Aquel día, cuando terminaron de meter las botellas en el montacargas, Leie se acercó para pasar un brazo sobre los hombros de Maia.
.No dejes que este acertijo te deprima. Tal vez podamos traer un gato hidráulico, pieza a pieza. ¡Bam! Se acabó el misterio.
.No es eso
—respondió Maia, sacudiendo abatida la cabeza—.
.Estaba pensando en esas pobres ancianas, esas abuelas. Las conocíamos. Siempre estaban cerca cuando éramos pequeñas, como el sol y el aire. Ahora están tendidas en la capilla, todas tiesas y…
—Se estremeció. Era la primera vez que asistían a un funeral—.
.Y todas las otras de la primera fila, parecía como si supieran que pronto sería también su turno.
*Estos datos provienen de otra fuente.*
lemma linear_eq_id_if_near_id_and_norm_attaining:
  fixes B :: "real \<times> real \<Rightarrow> real \<times> real"
  assumes "3 \<le> p" "linear B" "\<epsilon> < 1 / (8 * (real p + 1))"
    and near: "\<And>x. x \<in> psphere p \<Longrightarrow> pnorm p (B x - x) < \<epsilon>"
    and attain: "\<And>x. x \<in> psphere p \<Longrightarrow> \<exists>u\<in>psphere p. pnorm p (B u) = 1 \<and> pnorm p (u - x) < \<epsilon>"
  shows "B x = x"
proof -
  have "p > 0"
    using assms(1) by simp
  have "1 / (8 * (real p + 1)) \<le> 1 / 2"
    by (simp add: field_simps)
  then have "\<epsilon> < 1 / 2"
    using assms(3) by linarith
  have coord_near: "\<bar>fst (B y) - fst y\<bar> < \<epsilon>" "\<bar>snd (B y) - snd y\<bar> < \<epsilon>" if "y \<in> psphere p" for y
    using abs_fst_le_pnorm[OF \<open>p > 0\<close>, of "B y - y"] abs_snd_le_pnorm[OF \<open>p > 0\<close>, of "B y - y"]
      near[OF that] by auto
  have "0 < fst (B (1, 0))" "0 < snd (B (0, 1))" "\<bar>fst (B (0, 1))\<bar> < snd (B (0, 1))"
    using coord_near[OF basis_in_psphere(1)[OF \<open>p > 0\<close>]]
      coord_near[OF basis_in_psphere(2)[OF \<open>p > 0\<close>]] \<open>\<epsilon> < 1 / 2\<close> by auto
  moreover obtain U where "finite U" "p < card U" "U \<subseteq> psphere p \<inter> open_quadrant"
    "B ` U \<subseteq> psphere p \<inter> open_quadrant"
    using norm_attaining_quadrant_points[OF \<open>p > 0\<close> assms(3) near attain] by blast
  ultimately show "B x = x"
    by (rule linear_eq_id_if_preserves_quadrant_points[OF assms(1,2)])
qed

lemma uniform_BPB_approx_self:
  assumes "p > 0" "p_isometry p T" "\<epsilon> > 0"
  shows "uniform_BPB_approx p \<epsilon> T T"
proof -
  have "linear T" and iso: "\<And>x. pnorm p (T x) = pnorm p x"
    using assms(2) by (auto simp: p_isometry_def)
  have "popnorm p T = 1"
    using iso by (intro popnorm_eq_const[OF assms(1)]) (simp add: psphere_def)
  moreover have "popnorm p (\<lambda>x. T x - T x) = 0"
    using pnorm_eq_0_iff[OF assms(1)] by (intro popnorm_eq_const[OF assms(1)]) simp
  moreover have "\<exists>u0\<in>psphere p. pnorm p (T u0) = 1 \<and> pnorm p (u0 - x0) < \<epsilon>
      \<and> popnorm p (\<lambda>x. T x - T x) < \<epsilon>" if "x0 \<in> psphere p" for x0
    using that iso assms(3) \<open>popnorm p (\<lambda>x. T x - T x) = 0\<close> pnorm_eq_0_iff[OF assms(1), of 0]
    by (intro bexI[of _ x0]) (simp_all add: psphere_def)
  ultimately show ?thesis
    unfolding uniform_BPB_approx_def using \<open>linear T\<close> zero_less_one by blast
qed

lemma uniform_BPB_approx_isometryD:
  assumes "p > 0" "p_isometry p T" "uniform_BPB_approx p \<epsilon> T A"
  shows "linear A" "popnorm p (\<lambda>x. A x - T x) < \<epsilon>"
    and "\<And>x. x \<in> psphere p \<Longrightarrow> \<exists>u\<in>psphere p. pnorm p (A u) = 1 \<and> pnorm p (u - x) < \<epsilon>"
proof -
  obtain \<delta> where "linear A" "\<delta> > 0"
    and approx: "\<forall>x0\<in>psphere p. pnorm p (T x0) > 1 - \<delta> \<longrightarrow>
        (\<exists>u0\<in>psphere p. pnorm p (A u0) = 1 \<and> pnorm p (u0 - x0) < \<epsilon>
                          \<and> popnorm p (\<lambda>x. A x - T x) < \<epsilon>)"
    using assms(3) unfolding uniform_BPB_approx_def by blast
  \<comment> \<open>T is an isometry, so the premise on x0 holds at every point of the sphere.\<close>
  have attain: "\<exists>u\<in>psphere p. pnorm p (A u) = 1 \<and> pnorm p (u - x) < \<epsilon>
      \<and> popnorm p (\<lambda>x. A x - T x) < \<epsilon>" if "x \<in> psphere p" for x
  proof -
    have "pnorm p (T x) = pnorm p x"
      using assms(2) unfolding p_isometry_def by blast
    then have "pnorm p (T x) > 1 - \<delta>"
      using that \<open>\<delta> > 0\<close> by (simp add: psphere_def)
    then show ?thesis
      using approx that by blast
  qed
  show "linear A"
    by fact
  show "popnorm p (\<lambda>x. A x - T x) < \<epsilon>"
    using attain[OF basis_in_psphere(1)[OF assms(1)]] by blast
  show "\<exists>u\<in>psphere p. pnorm p (A u) = 1 \<and> pnorm p (u - x) < \<epsilon>" if "x \<in> psphere p" for x
    using attain[OF that] by blast
qed

lemma uniform_BPB_approx_of_isometry_eq:
  assumes "3 \<le> p" "p_isometry p T" "\<epsilon> < 1 / (8 * (real p + 1))" "uniform_BPB_approx p \<epsilon> T A"
  shows "A = T"
proof -
  have "p > 0"
    using assms(1) by simp
  note approx = uniform_BPB_approx_isometryD[OF \<open>p > 0\<close> assms(2,4)]
  have "linear T"
    using assms(2) by (simp add: p_isometry_def)
  obtain g where "p_isometry p g" and gT: "\<And>x. g (T x) = x" and Tg: "\<And>x. T (g x) = x"
    using p_isometry_inverse[OF \<open>p > 0\<close> assms(2)] by blast
  then have "linear g" and iso_g: "\<And>x. pnorm p (g x) = pnorm p x"
    by (auto simp: p_isometry_def)
  have "g (A x) = x" for x
  proof (rule linear_eq_id_if_near_id_and_norm_attaining[OF assms(1) _ assms(3)])
    show "linear (\<lambda>x. g (A x))"
      using linear_compose[OF approx(1) \<open>linear g\<close>] by (simp add: o_def)
    fix x
    assume "x \<in> psphere p"
    have "g (A x) - x = g (A x - T x)"
      using \<open>linear g\<close> gT by (simp add: linear_diff)
    then have "pnorm p (g (A x) - x) = pnorm p (A x - T x)"
      by (simp add: iso_g)
    also have "\<dots> \<le> popnorm p (\<lambda>x. A x - T x)"
      using linear_compose_sub[OF approx(1) \<open>linear T\<close>] \<open>x \<in> psphere p\<close>
      by (rule pnorm_le_popnorm[OF _ \<open>p > 0\<close>])
    finally show "pnorm p (g (A x) - x) < \<epsilon>"
      using approx(2) by linarith
    show "\<exists>u\<in>psphere p. pnorm p (g (A u)) = 1 \<and> pnorm p (u - x) < \<epsilon>"
      using approx(3)[OF \<open>x \<in> psphere p\<close>] by (simp add: iso_g)
  qed
  then show "A = T"
    using Tg by (metis ext)
qed

theorem theorem2p9:
  fixes p :: nat and T :: "real \<times> real \<Rightarrow> real \<times> real"
  assumes "p > 2"
    and "p_isometry p T"
  shows "\<exists>\<epsilon>0>0. \<forall>\<epsilon>. 0 < \<epsilon> \<and> \<epsilon> < \<epsilon>0 \<longrightarrow>
           uniform_BPB_approx p \<epsilon> T T \<and>
           (\<forall>A. uniform_BPB_approx p \<epsilon> T A \<longrightarrow> A = T)"
proof -
  have "3 \<le> p"
    using assms(1) by simp
  have "uniform_BPB_approx p \<epsilon> T T \<and> (\<forall>A. uniform_BPB_approx p \<epsilon> T A \<longrightarrow> A = T)"
    if "0 < \<epsilon>" "\<epsilon> < 1 / (8 * (real p + 1))" for \<epsilon>
    using uniform_BPB_approx_self[OF _ assms(2) that(1)]
      uniform_BPB_approx_of_isometry_eq[OF \<open>3 \<le> p\<close> assms(2) that(2)] assms(1)
    by auto
  then show ?thesis
    by (intro exI[of _ "1 / (8 * (real p + 1))"]) auto
qed

end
Las Lamais de pura sangre vivían normalmente veintiocho o veintinueve años stratoianos. Sin embargo, cuando una de ellas moría, toda una «clas». tendía a seguirla en cuestión de semanas. Nadie esperaba que aquél fuera el último funeral de la estación, ni del mes.
.Lo sé
—replicó Leie con voz inusitadamente reflexiva—.
.Yo también me he asustado.
Maia apoyó la cabeza contra la de su hermana, reconfortada por el hecho de saber que alguien comprendía las preguntas que atormentaban su alma.
Mientras subían en el montacargas, Leie intentó aliviar la tensión contando algún cotilleo que le había relatado esa mañana otra var en la ciudad. Parecía que varias hermanas jóvenes del Clan Saxon habían iniciado un alboroto cerca del muelle al acosar a unos marineros hasta que, desesperados, los hombres habían llamado a la Guardia y…
Una bandada de espinosos pájaros pou cruzó la carretera, haciendo que los caballos percherones relincharan y se agitaran hasta que Calma Lerner tiró de las riendas y habló para tranquilizar a las asustadas bestias. Los pájaros desaparecieron entre unos juncos, seguidos por un puñado de zorros pálidos.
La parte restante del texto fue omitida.